If this occurs, first check if the cronjob needs to be re-created. To do this, follow the instructions
in the Check cronjobs
section of the Power On and Start the Management Kubernetes Cluster
procedure.
If the cronjob does not need to be re-created and has been scheduled within the time expected
(based on its cron schedule), execute the sat bootsys boot --stage cabinet-power
command
again.
If sat bootsys
fails to power on the cabinets through hms-discovery
, then use CAPMC to manually power on the cabinet chassis,
compute blade slots, and all populated switch blade slots (1, 3, 5, and 7). This example shows cabinets 1000-1003.
cray capmc xname_on create --xnames x[1000-1003]c[0-7] --format json
cray capmc xname_on create --xnames x[1000-1003]c[0-7]s[0-7] --format json
cray capmc xname_on create --xnames x[1000-1003]c[0-7]r[1,3,5,7] --format json
(ncn-m001#
) Check the power status for every liquid-cooled cabinet Chassis.
The State
should be On
for every Chassis.
sat status --types Chassis
Example output.
+---------+---------+-------+------+---------+------+----------+----------+
| xname | Type | State | Flag | Enabled | Arch | Class | Net Type |
+---------+---------+-------+------+---------+------+----------+----------+
| x1020c0 | Chassis | On | OK | True | X86 | Mountain | Sling |
| x1020c1 | Chassis | On | OK | True | X86 | Mountain | Sling |
| x1020c2 | Chassis | On | OK | True | X86 | Mountain | Sling |
| x1020c3 | Chassis | On | OK | True | X86 | Mountain | Sling |
| x1020c4 | Chassis | On | OK | True | X86 | Mountain | Sling |
| x1020c5 | Chassis | On | OK | True | X86 | Mountain | Sling |
| x1020c6 | Chassis | On | OK | True | X86 | Mountain | Sling |
| x1020c7 | Chassis | On | OK | True | X86 | Mountain | Sling |
...
+---------+---------+-------+------+---------+------+----------+----------+
Switch the standard rack compute cabinet PDU circuit breakers to ON.
This applies power to the server BMCs and connects them to the management network.
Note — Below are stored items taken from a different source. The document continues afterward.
lemma shift_equation_solutions:
  fixes g :: "complex poly" and alpha c1 c2 :: complex
  assumes eq: "\<And>z lam. poly g (z + lam) * (z + alpha + c1 * lam) = poly g z * (z + alpha + c2 * lam)"
  obtains a0 a1 where "\<And>s. poly g s = a0 + a1 * (s + alpha)"
    and "a0 \<noteq> 0 \<Longrightarrow> c1 = c2" and "a1 \<noteq> 0 \<Longrightarrow> c1 = 0 \<and> c2 = 1"
proof (cases "c1 = 0")
  case False
  define a where "a = poly g (- alpha)"
  have "smult c1 g * [:alpha, 1:] = [:c2 * a:] * [:alpha, 1:]"
  proof (rule poly_eq_poly_eq_iff[THEN iffD1, OF ext])
    fix s
    show "poly (smult c1 g * [:alpha, 1:]) s = poly ([:c2 * a:] * [:alpha, 1:]) s"
      using eq[of "- alpha" "s + alpha"] unfolding a_def by (simp add: algebra_simps)
  qed
  moreover have "[:alpha, 1:] \<noteq> 0" by simp
  ultimately have "smult c1 g = [:c2 * a:]"
    by (metis mult_right_cancel)
  then have "poly (smult c1 g) s = poly [:c2 * a:] s" for s
    by simp
  then have scaled: "c1 * poly g s = c2 * a" for s
    by simp
  then have "c1 * poly g s = c1 * a" for s
    using scaled[of "- alpha"] by (simp add: a_def)
  then have g: "poly g s = a" for s
    using False by simp
  show ?thesis
  proof (rule that[of a 0])
    show "c1 = c2" if "a \<noteq> 0"
      using scaled[of "- alpha"] that by (simp add: a_def)
  qed (simp_all add: g)
next
  case True
  define A where "A = poly g (1 - alpha)"
  have g: "poly g s = A * (1 - c2) + A * c2 * (s + alpha)" for s
    using eq[of "1 - alpha" "s - 1 + alpha"] True unfolding A_def by (simp add: algebra_simps)
  have "poly g (- alpha) * c2 = 0"
    using eq[of "- alpha" 1] True by simp
  then have "A * (1 - c2) * c2 = 0"
    using g[of "- alpha"] by simp
  then show ?thesis
    using g True by (intro that[of "A * (1 - c2)" "A * c2"]) auto
qed
lemma sqrt_coeff_convolution:
  "(\<Sum>i\<le>k. sqrt_coeff i * sqrt_coeff (k - i)) = (if k = 0 then 1 else if k = 1 then -1 else 0)"
proof -
  have "(\<Sum>i\<le>k. sqrt_coeff i * sqrt_coeff (k - i))
      = (\<Sum>i\<le>k. ((1/2) gchoose i) * ((1/2) gchoose (k - i))) * (-1) ^ k"
    unfolding sqrt_coeff_def sum_distrib_right
    by (intro sum.cong refl) (auto simp: power_add[symmetric])
  also have "(\<Sum>i\<le>k. ((1/2::real) gchoose i) * ((1/2) gchoose (k - i))) = (1/2 + 1/2) gchoose k"
    using gbinomial_Vandermonde[of "1/2::real" "1/2" k] by (simp add: atLeast0AtMost)
  also have "(1/2 + 1/2::real) gchoose k = of_nat (1 choose k)"
    by (simp add: binomial_gbinomial)
  finally show ?thesis
    by (cases k; cases "k - 1") (auto simp: binomial_eq_0)
qed

definition commute :: "'a::real_normed_vector endo \<Rightarrow> 'a endo \<Rightarrow> bool" where
  "commute X Y \<longleftrightarrow> X * Y = Y * X"

lemma commute_refl: "commute X X"
  and commute_one: "commute 1 Z"
  and commute_zero: "commute 0 Z"
  by (simp_all add: commute_def)

lemma commute_sym: "commute X Y \<Longrightarrow> commute Y X"
  and commute_add: "commute X Z \<Longrightarrow> commute Y Z \<Longrightarrow> commute (X + Y) Z"
  and commute_diff: "commute X Z \<Longrightarrow> commute Y Z \<Longrightarrow> commute (X - Y) Z"
  and commute_scaleR: "commute X Z \<Longrightarrow> commute (r *\<^sub>R X) Z"
  by (simp_all add: commute_def algebra_simps)

lemma commute_mult: "commute X Z \<Longrightarrow> commute Y Z \<Longrightarrow> commute (X * Y) Z"
  unfolding commute_def by (metis mult.assoc)

lemma commute_power: "commute X Z \<Longrightarrow> commute (X ^ n) Z"
  by (induction n) (auto simp: commute_one commute_mult)
lemma admissible_density:
  fixes X :: "(real^'n) set" and w :: "real^'n \<Rightarrow> real"
  assumes "closed X" "admissible X M" "real_polynomial_function w" "\<forall>x\<in>X. 0 \<le> w x"
  shows "admissible X (density M (\<lambda>x. ennreal (w x)))"
proof -
  have sets: "sets M = sets borel"
    by (rule admissible_sets[OF assms(2)])
  note moments = admissible_integrable[OF assms(2)]
  have [measurable]: "w \<in> borel_measurable M"
    by (rule real_polynomial_function_borel_measurable[OF sets assms(3)])
  have AE_X: "AE x in M. x \<in> X"
    by (rule admissible_AE_mem[OF assms(1,2)])
  have "emeasure (density M (\<lambda>x. ennreal (w x))) K < \<infinity>" if "K \<in> sets M" for K
  proof -
    have "emeasure (density M (\<lambda>x. ennreal (w x))) K = (\<integral>\<^sup>+ x. ennreal (w x) * indicator K x \<partial>M)"
      using that by (simp add: emeasure_density)
    also have "\<dots> \<le> (\<integral>\<^sup>+ x. ennreal (norm (w x)) \<partial>M)"
      by (intro nn_integral_mono) (auto simp: indicator_def intro: ennreal_leI)
    also have "\<dots> < \<infinity>"
      using moments[OF assms(3)] by (simp add: integrable_iff_bounded)
    finally show ?thesis .
  qed
  then have "\<forall>K. compact K \<longrightarrow> emeasure (density M (\<lambda>x. ennreal (w x))) K < \<infinity>"
    using sets by (auto intro: borel_compact)
  moreover have "emeasure (density M (\<lambda>x. ennreal (w x))) (UNIV - X) = 0"
  proof -
    have "emeasure (density M (\<lambda>x. ennreal (w x))) (UNIV - X)
        = (\<integral>\<^sup>+ x. ennreal (w x) * indicator (UNIV - X) x \<partial>M)"
      using sets assms(1) by (simp add: emeasure_density)
    also have "\<dots> = (\<integral>\<^sup>+ x. 0 \<partial>M)"
      by (rule nn_integral_cong_AE) (use AE_X in auto)
    finally show ?thesis by simp
  qed
  moreover have "integrable (density M (\<lambda>x. ennreal (w x))) p" if "real_polynomial_function p" for p
  proof -
    have [measurable]: "p \<in> borel_measurable M"
      by (rule real_polynomial_function_borel_measurable[OF sets that])
    have "integrable M (\<lambda>x. w x *\<^sub>R p x)"
      using moments[of "\<lambda>x. w x * p x"] that assms(3) by auto
    then show ?thesis
      by (subst integrable_density) (use AE_X assms(4) in auto)
  qed
  ultimately show ?thesis
    using sets by (auto simp: admissible_def)
qed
Compute nodes do not power on and boot automatically. The Boot Orchestration Service (BOS) brings up compute nodes and User Access Nodes (UANs).
If necessary, use IPMI commands to power on individual servers as needed.
Verify that all system management network switches and Slingshot network switches are powered on in each rack, and that there are no error LEDS or hardware failures.
Return to System Power On Procedures and continue with next step.